Which is why I'm hoping the M9 is more like the R-D1. It's easy to forget you're shooting digital when using that camera and, as you said, that's a good deal of the annoyance of digital capture: the sense that you're taking pictures with a computer. :)

Word.
It's like using a RF... and then having the images digital vs. on film.

R-D1, digital RF done mostly right.

But I am still 90% film.
 
I think we must agree with those who say that while the technology of digital photography is advancing rapidly, that of film photography is static: that a time will come when digital will not merely imitate film but will surpass it.

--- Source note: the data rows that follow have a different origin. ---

text \<open>
  From below, a supremum of left-continuous functions is approximated by one of its members;
  from above, monotonicity suffices.
\<close>
lemma dsup_left_continuous:
  assumes "A \<noteq> {}" "A \<subseteq> Delta_plus"
  shows "(dsup A \<longlongrightarrow> dsup A x) (at_left x)"
proof (rule order_tendstoI)
  fix a assume "a < dsup A x"
  then obtain F where F: "F \<in> A" "a < F x"
    unfolding dsup_def using less_cSUP_iff[OF assms(1) bdd_above_Delta_plus_values[OF assms(2)]] by blast
  have "(F \<longlongrightarrow> F x) (at_left x)"
    using F(1) assms(2) by (auto simp: Delta_plus_def distribution_function_def)
  then have "eventually (\<lambda>t. a < F t) (at_left x)"
    using F(2) by (rule order_tendstoD)
  then show "eventually (\<lambda>t. a < dsup A t) (at_left x)"
    by (rule eventually_mono)
       (use dsup_upper[OF assms(2) F(1)] in \<open>auto simp: le_fun_def intro: less_le_trans\<close>)
next
  fix a assume "dsup A x < a"
  have "eventually (\<lambda>t. t < x) (at_left x)"
    by (simp add: eventually_at_filter)
  then show "eventually (\<lambda>t. dsup A t < a) (at_left x)"
    by (rule eventually_mono) (use \<open>dsup A x < a\<close> mono_dsup[OF assms] in \<open>meson le_less_trans less_imp_le monoD\<close>)
qed

lemma dsup_in_Delta_plus:
  assumes "A \<noteq> {}" "A \<subseteq> Delta_plus"
  shows "dsup A \<in> Delta_plus"
proof -
  obtain F where F: "F \<in> A" using assms(1) by auto
  have "0 \<le> dsup A t" for t
    using Delta_plus_bounds[of F t] dsup_upper[OF assms(2) F] F assms(2)
    by (auto simp: le_fun_def intro: order_trans)
  moreover have "dsup A t \<le> 1" for t
    unfolding dsup_def using assms Delta_plus_bounds by (intro cSUP_least) auto
  moreover have "dsup A (-\<infinity>) = 0" "dsup A \<infinity> = 1" "dsup A 0 = 0"
    using assms by (auto intro!: dsup_const simp: Delta_plus_def distribution_function_def)
  ultimately show ?thesis
    using mono_dsup[OF assms] dsup_left_continuous[OF assms]
    by (auto simp: Delta_plus_def distribution_function_def)
qed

I think we must agree that digital camera technology still has a very long way to go.
 
I don't think a nut or die hard....but you must shoot a lot of film to justify a mini lab. I have several hundo in processing equipment (incl. enlargers/lenses, etc.), but it's all manual. There's a way to do what the machine does by hand, just more slowly. I can't justify running a line when a tank & water bath will do. I just don't do more than four rolls at a crack.

Who knows, I'm probably behind the times (wouldn't be the first occurance).

Jo

I'm just seeing $6000.00 automatic mini-lab machines selling for $500 on Ebay (I bought one). I can process two rolls at a time in either B/W, C-41 or E6 without any fuss, just push a button. Small machine that sits on top of a table with lots of bottles attached.